lemma sum_fiber_log_ratio_le_kl_div:
  assumes "S \<ge> 1" "j \<in> {1..d}"
    and f: "\<And>x. x \<in> states S d \<Longrightarrow> f x > 0" and g: "\<And>x. x \<in> states S d \<Longrightarrow> g x > 0"
  shows "(\<Sum>x\<in>states S d. f x * ln (fiber_sum S f j x / fiber_sum S g j x)) \<le> kl_div (states S d) f g"
proof -
  define R where "R x = fiber_sum S f j x / fiber_sum S g j x" for x
  have F: "fiber_sum S f j x > 0" and G: "fiber_sum S g j x > 0" if "x \<in> states S d" for x
    using fiber_sum_pos[OF assms(1,2) that] f g by auto
  have pointwise: "f x * ln (R x) \<le> f x * ln (f x / g x) + (g x * R x - f x)" if x: "x \<in> states S d" for x
  proof -
    have R: "R x > 0" using F[OF x] G[OF x] by (simp add: R_def)
    have "ln (R x * g x / f x) \<le> R x * g x / f x - 1"
      using R f[OF x] g[OF x] by (intro ln_le_minus_one) simp
    then have "f x * ln (R x * g x / f x) \<le> g x * R x - f x"
      using f[OF x] by (simp add: field_simps)
    then show ?thesis
      using R f[OF x] g[OF x] by (simp add: ln_div ln_mult algebra_simps)
  qed
  have "real S * (\<Sum>x\<in>states S d. g x * R x) = (\<Sum>x\<in>states S d. fiber_sum S g j x * R x)"
    using assms(2) by (rule sum_fiber_sum_mult[symmetric]) (simp add: R_def)
  also have "\<dots> = (\<Sum>x\<in>states S d. fiber_sum S f j x * 1)"
  proof (intro sum.cong refl)
    fix x assume "x \<in> states S d"
    then show "fiber_sum S g j x * R x = fiber_sum S f j x * 1"
      using G by (simp add: R_def less_imp_neq[symmetric])
  qed
  also have "\<dots> = real S * (\<Sum>x\<in>states S d. f x * 1)"
    using assms(2) by (rule sum_fiber_sum_mult) simp
  finally have "(\<Sum>x\<in>states S d. g x * R x) = sum f (states S d)"
    using assms(1) by simp
  moreover have "(\<Sum>x\<in>states S d. f x * ln (R x))
      \<le> (\<Sum>x\<in>states S d. f x * ln (f x / g x) + (g x * R x - f x))"
    by (rule sum_mono) (rule pointwise)
  ultimately show ?thesis
    unfolding kl_div_def R_def[symmetric] by (simp add: sum.distrib sum_subtractf)
qed

lemma fiber_cross_terms_le:
  assumes "S \<ge> 1" "j \<in> {1..d}"
    and f: "\<And>x. x \<in> states S d \<Longrightarrow> f x > 0" and g: "\<And>x. x \<in> states S d \<Longrightarrow> g x > 0"
  shows "(\<Sum>x\<in>states S d. ln (f x / g x) * fiber_sum S f j x) / real S
           - (\<Sum>x\<in>states S d. f x / g x * fiber_sum S g j x) / real S + sum f (states S d)
         \<le> (\<Sum>x\<in>states S d. f x * ln (fiber_sum S f j x / fiber_sum S g j x))"
proof -
  define R where "R x = fiber_sum S f j x / fiber_sum S g j x" for x
  have F: "fiber_sum S f j x > 0" and G: "fiber_sum S g j x > 0" if "x \<in> states S d" for x
    using fiber_sum_pos[OF assms(1,2) that] f g by auto
  have pointwise: "ln (f x / g x) * fiber_sum S f j x - f x / g x * fiber_sum S g j x
      \<le> fiber_sum S f j x * ln (R x) - fiber_sum S f j x * 1" if x: "x \<in> states S d" for x
  proof -
    define r where "r = f x / g x"
    have r: "r > 0" and R: "R x > 0"
      using F[OF x] G[OF x] f[OF x] g[OF x] by (simp_all add: r_def R_def)
    have "ln (r / R x) \<le> r / R x - 1"
      using r R by (intro ln_le_minus_one) simp
    then have "fiber_sum S f j x * ln (r / R x) \<le> fiber_sum S f j x * (r / R x - 1)"
      using F[OF x] by (intro mult_left_mono) auto
    also have "fiber_sum S f j x * (r / R x - 1) = r * fiber_sum S g j x - fiber_sum S f j x"
      using F[OF x] G[OF x] by (simp add: R_def field_simps)
    finally show ?thesis
      using r R unfolding r_def[symmetric] by (simp add: ln_div algebra_simps)
  qed
  have "(\<Sum>x\<in>states S d. ln (f x / g x) * fiber_sum S f j x) - (\<Sum>x\<in>states S d. f x / g x * fiber_sum S g j x)
      \<le> (\<Sum>x\<in>states S d. fiber_sum S f j x * ln (R x)) - (\<Sum>x\<in>states S d. fiber_sum S f j x * 1)"
    using sum_mono[OF pointwise] by (simp add: sum_subtractf)
  also have "\<dots> = real S * (\<Sum>x\<in>states S d. f x * ln (R x)) - real S * (\<Sum>x\<in>states S d. f x * 1)"
    using assms(2) by (simp only: sum_fiber_sum_mult R_def fiber_sum_upd)
  finally show ?thesis
    using assms(1) unfolding R_def by (simp add: field_simps)
qed
(* Let $G=\bigl((f_j)_{j=1}^n;(\mu^{R})_{\emptyset\ne R\subseteq[n]}\bigr)$ be an $n$-resource selection game. (a) For every nonempty $R\subseteq[n]$, every two Nash equilibria $s,s'$ of $G$, every $k$ with $s_k(R)>0$ and every $k'$ with $s'_{k'}(R)>0$, we have $h^s_k=h^{s'}_{k'}$. (b) If there is no real number $h$ that is a plateau height of two distinct functions $f_j,f_{j'}$ ($j\ne j'$), then $\mu^s_j=\mu^{s'}_j$ for every $j\in[n]$ and every two Nash equilibria $s,s'$ of $G$.
   Context: Write $[n]=\{1,\ldots,n\}$ and $\mathbb{R}_{\ge}=[0,\infty)$. An $n$-resource selection game is a pair $G=\bigl((f_j)_{j=1}^n;(\mu^{R})_{\emptyset\ne R\subseteq[n]}\bigr)$ where each $f_j:\mathbb{R}_{\ge}\to\mathbb{R}$ is nondecreasing and $\mu^R\in\mathbb{R}_{\ge}$ for every nonempty $R\subseteq[n]$. A consumption profile is a map $s$ assigning to each nonempty $R\subseteq[n]$ a vector $s(R)\in\mathbb{R}_{\ge}^{[n]}$ with $s_j(R)=0$ for $j\notin R$ and $\sum_{j}s_j(R)=\mu^R$. The load of resource $j$ is $\mu^s_j=\sum_{R}s_j(R)$ and its cost is $h^s_j=f_j(\mu^s_j)$. $s$ is a Nash equilibrium if for every nonempty $R$, every $k$ with $s_k(R)>0$ and every $j\in R$, $h^s_k\le h^s_j$. A real number $h$ is a plateau height of a nondecreasing $f$ if there exist $x\ne y$ with $f(x)=f(y)=h$. *)

theory Defs
  imports Complex_Main
begin

text \<open>Resources are indexed by {1..n}; f j is the cost function of resource j (only its
restriction to [0,\<infinity>) matters), mu R is the demand of the player class R.
A consumption profile is a function s :: nat set \<Rightarrow> nat \<Rightarrow> real; only its values on
nonempty R \<subseteq> {1..n} and j \<in> {1..n} are relevant.\<close>

definition coalitions :: "nat \<Rightarrow> nat set set" where
  "coalitions n = {R. R \<subseteq> {1..n} \<and> R \<noteq> {}}"

definition is_game :: "nat \<Rightarrow> (nat \<Rightarrow> real \<Rightarrow> real) \<Rightarrow> (nat set \<Rightarrow> real) \<Rightarrow> bool" where
  "is_game n f mu \<longleftrightarrow>
     (\<forall>j\<in>{1..n}. mono_on {0..} (f j)) \<and> (\<forall>R\<in>coalitions n. mu R \<ge> 0)"

definition consumption_profile ::
  "nat \<Rightarrow> (nat set \<Rightarrow> real) \<Rightarrow> (nat set \<Rightarrow> nat \<Rightarrow> real) \<Rightarrow> bool" where
  "consumption_profile n mu s \<longleftrightarrow>
     (\<forall>R\<in>coalitions n.
        (\<forall>j\<in>{1..n}. s R j \<ge> 0) \<and>
        (\<forall>j\<in>{1..n}. j \<notin> R \<longrightarrow> s R j = 0) \<and>
        (\<Sum>j\<in>{1..n}. s R j) = mu R)"

definition load :: "nat \<Rightarrow> (nat set \<Rightarrow> nat \<Rightarrow> real) \<Rightarrow> nat \<Rightarrow> real" where
  "load n s j = (\<Sum>R\<in>coalitions n. s R j)"

definition cost :: "nat \<Rightarrow> (nat \<Rightarrow> real \<Rightarrow> real) \<Rightarrow> (nat set \<Rightarrow> nat \<Rightarrow> real) \<Rightarrow> nat \<Rightarrow> real" where
  "cost n f s j = f j (load n s j)"

definition nash_equilibrium ::
  "nat \<Rightarrow> (nat \<Rightarrow> real \<Rightarrow> real) \<Rightarrow> (nat set \<Rightarrow> real) \<Rightarrow> (nat set \<Rightarrow> nat \<Rightarrow> real) \<Rightarrow> bool" where
  "nash_equilibrium n f mu s \<longleftrightarrow> consumption_profile n mu s \<and>
     (\<forall>R\<in>coalitions n. \<forall>k\<in>{1..n}. s R k > 0 \<longrightarrow>
        (\<forall>j\<in>R. cost n f s k \<le> cost n f s j))"

definition plateau_height :: "(real \<Rightarrow> real) \<Rightarrow> real \<Rightarrow> bool" where
  "plateau_height g h \<longleftrightarrow> (\<exists>x y. x \<ge> 0 \<and> y \<ge> 0 \<and> x \<noteq> y \<and> g x = h \<and> g y = h)"

end

theory Submission
  imports Defs
begin

text \<open>If s is an equilibrium, every class R pays the minimum cost over R on all of
its demand, so against any other profile s' we get the variational inequality
sum_j h(s)_j mu(s)_j \<le> sum_j h(s)_j mu(s')_j. Adding it to the symmetric inequality gives
sum_j (h(s)_j - h(s')_j) (mu(s)_j - mu(s')_j) \<le> 0, while monotonicity of the f_j makes every
term nonnegative; hence every term vanishes and each resource has the same cost in s and s'. For (b), the total load on the resources of cost H is the total demand of the
classes whose minimum cost is H, so it is the same in s and s'. If the loads of j differ, some
other resource of the same cost H has a different load too, and both cost functions then have a
plateau at height H.\<close>

lemma coalitionsD: "R \<in> coalitions n \<Longrightarrow> finite R \<and> R \<noteq> {} \<and> R \<subseteq> {1..n}"
  by (auto simp: coalitions_def intro: finite_subset)

lemma nash_equilibrium_profile: "nash_equilibrium n f mu s \<Longrightarrow> consumption_profile n mu s"
  by (simp add: nash_equilibrium_def)

lemma profile_nonneg:
  "consumption_profile n mu s \<Longrightarrow> R \<in> coalitions n \<Longrightarrow> j \<in> {1..n} \<Longrightarrow> s R j \<ge> 0"
  by (auto simp: consumption_profile_def)

lemma profile_outside:
  "consumption_profile n mu s \<Longrightarrow> R \<in> coalitions n \<Longrightarrow> j \<in> {1..n} \<Longrightarrow> j \<notin> R \<Longrightarrow> s R j = 0"
  by (auto simp: consumption_profile_def)

lemma profile_sum:
  "consumption_profile n mu s \<Longrightarrow> R \<in> coalitions n \<Longrightarrow> (\<Sum>j\<in>{1..n}. s R j) = mu R"
  by (auto simp: consumption_profile_def)

lemma load_nonneg: "consumption_profile n mu s \<Longrightarrow> j \<in> {1..n} \<Longrightarrow> load n s j \<ge> 0"
  unfolding load_def by (rule sum_nonneg) (auto intro: profile_nonneg)

lemma sum_weighted_load:
  "(\<Sum>j\<in>{1..n}. h j * load n s j) = (\<Sum>R\<in>coalitions n. \<Sum>j\<in>{1..n}. (h j :: real) * s R j)"
  unfolding load_def sum_distrib_left by (rule sum.swap)

lemma nash_used_cost_eq_Min:
  assumes ne: "nash_equilibrium n f mu s" and R: "R \<in> coalitions n"
    and k: "k \<in> {1..n}" and used: "s R k > 0"
  shows "cost n f s k = Min (cost n f s ` R)"
proof -
  have "k \<in> R"
    using profile_outside[OF nash_equilibrium_profile[OF ne] R k] used by force
  moreover have "\<forall>j\<in>R. cost n f s k \<le> cost n f s j"
    using ne R k used by (auto simp: nash_equilibrium_def)
  ultimately show ?thesis
    using coalitionsD[OF R] by (intro Min_eqI[symmetric]) auto
qed

lemma nash_cost_of_coalition:
  assumes ne: "nash_equilibrium n f mu s" and R: "R \<in> coalitions n"
  shows "(\<Sum>j\<in>{1..n}. cost n f s j * s R j) = Min (cost n f s ` R) * mu R"
proof -
  have cp: "consumption_profile n mu s" using ne by (rule nash_equilibrium_profile)
  have "(\<Sum>j\<in>{1..n}. cost n f s j * s R j) = (\<Sum>j\<in>{1..n}. Min (cost n f s ` R) * s R j)"
  proof (rule sum.cong)
    fix j assume j: "j \<in> {1..n}"
    show "cost n f s j * s R j = Min (cost n f s ` R) * s R j"
      using profile_nonneg[OF cp R j] nash_used_cost_eq_Min[OF ne R j]
      by (cases "s R j = 0") auto
  qed simp
  then show ?thesis by (simp only: sum_distrib_left[symmetric] profile_sum[OF cp R])
qed

lemma profile_cost_of_coalition_ge:
  assumes cp: "consumption_profile n mu s" and R: "R \<in> coalitions n"
  shows "Min (h ` R) * mu R \<le> (\<Sum>j\<in>{1..n}. (h j :: real) * s R j)"
proof -
  have "Min (h ` R) * mu R = (\<Sum>j\<in>{1..n}. Min (h ` R) * s R j)"
    by (simp only: sum_distrib_left[symmetric] profile_sum[OF cp R])
  also have "\<dots> \<le> (\<Sum>j\<in>{1..n}. h j * s R j)"
  proof (rule sum_mono)
    fix j assume j: "j \<in> {1..n}"
    show "Min (h ` R) * s R j \<le> h j * s R j"
    proof (cases "j \<in> R")
      case True
      then have "Min (h ` R) \<le> h j" using coalitionsD[OF R] by (intro Min_le) auto
      then show ?thesis using profile_nonneg[OF cp R j] by (rule mult_right_mono)
    qed (simp add: profile_outside[OF cp R j])
  qed
  finally show ?thesis .
qed

lemma nash_variational_inequality:
  assumes ne: "nash_equilibrium n f mu s" and cp': "consumption_profile n mu s'"
  shows "(\<Sum>j\<in>{1..n}. cost n f s j * load n s j) \<le> (\<Sum>j\<in>{1..n}. cost n f s j * load n s' j)"
  unfolding sum_weighted_load
  by (rule sum_mono) (simp only: nash_cost_of_coalition[OF ne] profile_cost_of_coalition_ge[OF cp'])

lemma mono_on_diff_mult_nonneg:
  fixes g :: "real \<Rightarrow> real"
  assumes "mono_on {0..} g" "x \<ge> 0" "y \<ge> 0"
  shows "(g x - g y) * (x - y) \<ge> 0"
proof (cases "x \<le> y")
  case True
  then have "g x \<le> g y" using assms by (auto intro: mono_onD)
  then show ?thesis using True by (simp add: mult_nonpos_nonpos)
next
  case False
  then have "g y \<le> g x" using assms by (auto intro: mono_onD)
  then show ?thesis using False by simp
qed

lemma nash_costs_unique:
  assumes g: "is_game n f mu"
    and ne: "nash_equilibrium n f mu s" and ne': "nash_equilibrium n f mu s'"
    and j: "j \<in> {1..n}"
  shows "cost n f s j = cost n f s' j"
proof -
  have cp: "consumption_profile n mu s" and cp': "consumption_profile n mu s'"
    using ne ne' by (simp_all add: nash_equilibrium_profile)
  define d where "d i = (cost n f s i - cost n f s' i) * (load n s i - load n s' i)" for i
  have d_nonneg: "d i \<ge> 0" if i: "i \<in> {1..n}" for i
    unfolding d_def cost_def using g i load_nonneg[OF cp i] load_nonneg[OF cp' i]
    by (intro mono_on_diff_mult_nonneg) (auto simp: is_game_def)
  have "(\<Sum>i\<in>{1..n}. d i) =
      ((\<Sum>i\<in>{1..n}. cost n f s i * load n s i) - (\<Sum>i\<in>{1..n}. cost n f s i * load n s' i))
    + ((\<Sum>i\<in>{1..n}. cost n f s' i * load n s' i) - (\<Sum>i\<in>{1..n}. cost n f s' i * load n s i))"
    unfolding d_def sum_subtractf[symmetric] sum.distrib[symmetric]
    by (rule sum.cong) (simp_all add: algebra_simps)
  also have "\<dots> \<le> 0"
    using nash_variational_inequality[OF ne cp'] nash_variational_inequality[OF ne' cp] by linarith
  moreover have "(\<Sum>i\<in>{1..n}. d i) \<ge> 0" using d_nonneg by (rule sum_nonneg)
  ultimately have "(\<Sum>i\<in>{1..n}. d i) = 0" by linarith
  then have "d j = 0" using sum_nonneg_eq_0_iff[of "{1..n}" d] d_nonneg j by auto
  then show ?thesis unfolding d_def by (auto simp: cost_def)
qed

lemma nash_level_load:
  assumes ne: "nash_equilibrium n f mu s"
  shows "(\<Sum>i\<in>{i\<in>{1..n}. cost n f s i = H}. load n s i) =
         (\<Sum>R\<in>coalitions n. if Min (cost n f s ` R) = H then mu R else 0)"
proof -
  have cp: "consumption_profile n mu s" using ne by (rule nash_equilibrium_profile)
  have "(\<Sum>i\<in>{i\<in>{1..n}. cost n f s i = H}. s R i) =
        (if Min (cost n f s ` R) = H then mu R else 0)" if R: "R \<in> coalitions n" for R
  proof -
    have "(\<Sum>i\<in>{i\<in>{1..n}. cost n f s i = H}. s R i) =
          (\<Sum>i\<in>{1..n}. if cost n f s i = H then s R i else 0)"
      by (rule sum.inter_filter) simp
    also have "\<dots> = (\<Sum>i\<in>{1..n}. if Min (cost n f s ` R) = H then s R i else 0)"
    proof (rule sum.cong)
      fix i assume i: "i \<in> {1..n}"
      show "(if cost n f s i = H then s R i else 0) =
            (if Min (cost n f s ` R) = H then s R i else 0)"
        using profile_nonneg[OF cp R i] nash_used_cost_eq_Min[OF ne R i]
        by (cases "s R i = 0") auto
    qed simp
    also have "\<dots> = (if Min (cost n f s ` R) = H then mu R else 0)"
      using profile_sum[OF cp R] by simp
    finally show ?thesis .
  qed
  then show ?thesis
    unfolding load_def by (subst sum.swap) (rule sum.cong, simp_all)
qed

lemma nash_level_loads_eq:
  assumes g: "is_game n f mu"
    and ne: "nash_equilibrium n f mu s" and ne': "nash_equilibrium n f mu s'"
  shows "(\<Sum>i\<in>{i\<in>{1..n}. cost n f s i = H}. load n s i) =
         (\<Sum>i\<in>{i\<in>{1..n}. cost n f s i = H}. load n s' i)"
proof -
  have same_cost: "\<And>i. i \<in> {1..n} \<Longrightarrow> cost n f s i = cost n f s' i"
    using nash_costs_unique[OF g ne ne'] .
  have same_min_cost: "Min (cost n f s ` R) = Min (cost n f s' ` R)" if "R \<in> coalitions n" for R
    using same_cost coalitionsD[OF that] by (metis image_cong subsetD)
  have same_level: "{i\<in>{1..n}. cost n f s i = H} = {i\<in>{1..n}. cost n f s' i = H}"
    using same_cost by auto
  have "(\<Sum>i\<in>{i\<in>{1..n}. cost n f s i = H}. load n s i) =
        (\<Sum>R\<in>coalitions n. if Min (cost n f s ` R) = H then mu R else 0)"
    by (rule nash_level_load[OF ne])
  also have "\<dots> = (\<Sum>R\<in>coalitions n. if Min (cost n f s' ` R) = H then mu R else 0)"
    using same_min_cost by (intro sum.cong) auto
  also have "\<dots> = (\<Sum>i\<in>{i\<in>{1..n}. cost n f s i = H}. load n s' i)"
    unfolding same_level by (rule nash_level_load[OF ne', symmetric])
  finally show ?thesis .
qed

lemma sum_eq_other_differs:
  assumes "finite A" "sum f A = sum g A" "j \<in> A" "f j \<noteq> (g j :: 'a :: ab_group_add)"
  shows "\<exists>j'\<in>A. j' \<noteq> j \<and> f j' \<noteq> g j'"
proof (rule ccontr)
  assume "\<not> ?thesis"
  then have "sum f (A - {j}) = sum g (A - {j})" by (intro sum.cong) auto
  then show False using assms by (simp add: sum.remove)
qed

lemma nash_load_change_plateau_height:
  assumes g: "is_game n f mu"
    and ne: "nash_equilibrium n f mu s" and ne': "nash_equilibrium n f mu s'"
    and i: "i \<in> {1..n}" and differs: "load n s i \<noteq> load n s' i"
  shows "plateau_height (f i) (cost n f s i)"
  unfolding plateau_height_def
  using differs nash_costs_unique[OF g ne ne' i] load_nonneg[OF nash_equilibrium_profile[OF ne] i]
    load_nonneg[OF nash_equilibrium_profile[OF ne'] i]
  by (auto simp: cost_def)

theorem mainTheorem3:
  fixes n :: nat and f :: "nat \<Rightarrow> real \<Rightarrow> real" and mu :: "nat set \<Rightarrow> real"
  assumes "is_game n f mu"
  shows "(\<forall>R\<in>coalitions n. \<forall>s s' k k'.
            nash_equilibrium n f mu s \<and> nash_equilibrium n f mu s' \<and>
            k \<in> {1..n} \<and> k' \<in> {1..n} \<and> s R k > 0 \<and> s' R k' > 0 \<longrightarrow>
            cost n f s k = cost n f s' k')
       \<and> ((\<not> (\<exists>h. \<exists>j\<in>{1..n}. \<exists>j'\<in>{1..n}. j \<noteq> j' \<and>
                 plateau_height (f j) h \<and> plateau_height (f j') h)) \<longrightarrow>
          (\<forall>s s'. nash_equilibrium n f mu s \<and> nash_equilibrium n f mu s' \<longrightarrow>
             (\<forall>j\<in>{1..n}. load n s j = load n s' j)))"
proof (intro conjI ballI allI impI; elim conjE)
  fix R s s' k k'
  assume R: "R \<in> coalitions n" and ne: "nash_equilibrium n f mu s" and ne': "nash_equilibrium n f mu s'"
    and "k \<in> {1..n}" "k' \<in> {1..n}" "s R k > 0" "s' R k' > 0"
  moreover have "cost n f s ` R = cost n f s' ` R"
    using nash_costs_unique[OF assms ne ne'] coalitionsD[OF R] by (intro image_cong) auto
  ultimately show "cost n f s k = cost n f s' k'" by (simp add: nash_used_cost_eq_Min)
next
  fix s s' j
  assume no_plateau: "\<not> (\<exists>h. \<exists>j\<in>{1..n}. \<exists>j'\<in>{1..n}. j \<noteq> j' \<and>
                 plateau_height (f j) h \<and> plateau_height (f j') h)"
    and ne: "nash_equilibrium n f mu s" and ne': "nash_equilibrium n f mu s'" and j: "j \<in> {1..n}"
  show "load n s j = load n s' j"
  proof (rule ccontr)
    assume differs: "load n s j \<noteq> load n s' j"
    let ?L = "{i\<in>{1..n}. cost n f s i = cost n f s j}"
    have "\<exists>j'\<in>?L. j' \<noteq> j \<and> load n s j' \<noteq> load n s' j'"
      using j by (intro sum_eq_other_differs[OF _ nash_level_loads_eq[OF assms ne ne'] _ differs]) simp_all
    then obtain j' where j': "j' \<in> {1..n}" "j' \<noteq> j" "cost n f s j' = cost n f s j"
      and differs': "load n s j' \<noteq> load n s' j'" by blast
    have "plateau_height (f j') (cost n f s j)"
      using nash_load_change_plateau_height[OF assms ne ne' j'(1) differs'] j'(3) by simp
    moreover have "plateau_height (f j) (cost n f s j)"
      by (rule nash_load_change_plateau_height[OF assms ne ne' j differs])
    ultimately show False
      using no_plateau j j'(1,2) by blast
  qed
qed

end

- [Problem requirements] Using the listing above, list every line in which the string "selection" occurs.

- [Worked solution]
(* Let $G=\bigl((f_j)_{j=1}^n;(\mu^{R})_{\emptyset\ne R\subseteq[n]}\bigr)$ be an $n$-resource selection game. (a) For every nonempty $R\subseteq[n]$, every two Nash equilibria $s,s'$ of $G$, every $k$ with $s_k(R)>0$ and every $k'$ with $s'_{k'}(R)>0$, we have $h^s_k=h^{s'}_{k'}$. (b) If there is no real number $h$ that is a plateau height of two distinct functions $f_j,f_{j'}$ ($j\ne j'$), then $\mu^s_j=\mu^{s'}_j$ for every $j\in[n]$ and every two Nash equilibria $s,s'$ of $G$.
   Context: Write $[n]=\{1,\ldots,n\}$ and $\mathbb{R}_{\ge}=[0,\infty)$. An $n$-resource selection game is a pair $G=\bigl((f_j)_{j=1}^n;(\mu^{R})_{\emptyset\ne R\subseteq[n]}\bigr)$ where each $f_j:\mathbb{R}_{\ge}\to\mathbb{R}$ is nondecreasing and $\mu^R\in\mathbb{R}_{\ge}$ for every nonempty $R\subseteq[n]$. A consumption profile is a map $s$ assigning to each nonempty $R\subseteq[n]$ a vector $s(R)\in\mathbb{R}_{\ge}^{[n]}$ with $s_j(R)=0$ for $j\notin R$ and $\sum_{j}s_j(R)=\mu^R$. The load of resource $j$ is $\mu^s_j=\sum_{R}s_j(R)$ and its cost is $h^s_j=f_j(\mu^s_j)$. $s$ is a Nash equilibrium if for every nonempty $R$, every $k$ with $s_k(R)>0$ and every $j\in R$, $h^s_k\le h^s_j$. A real number $h$ is a plateau height of a nondecreasing $f$ if there exist $x\ne y$ with $f(x)=f(y)=h$. *)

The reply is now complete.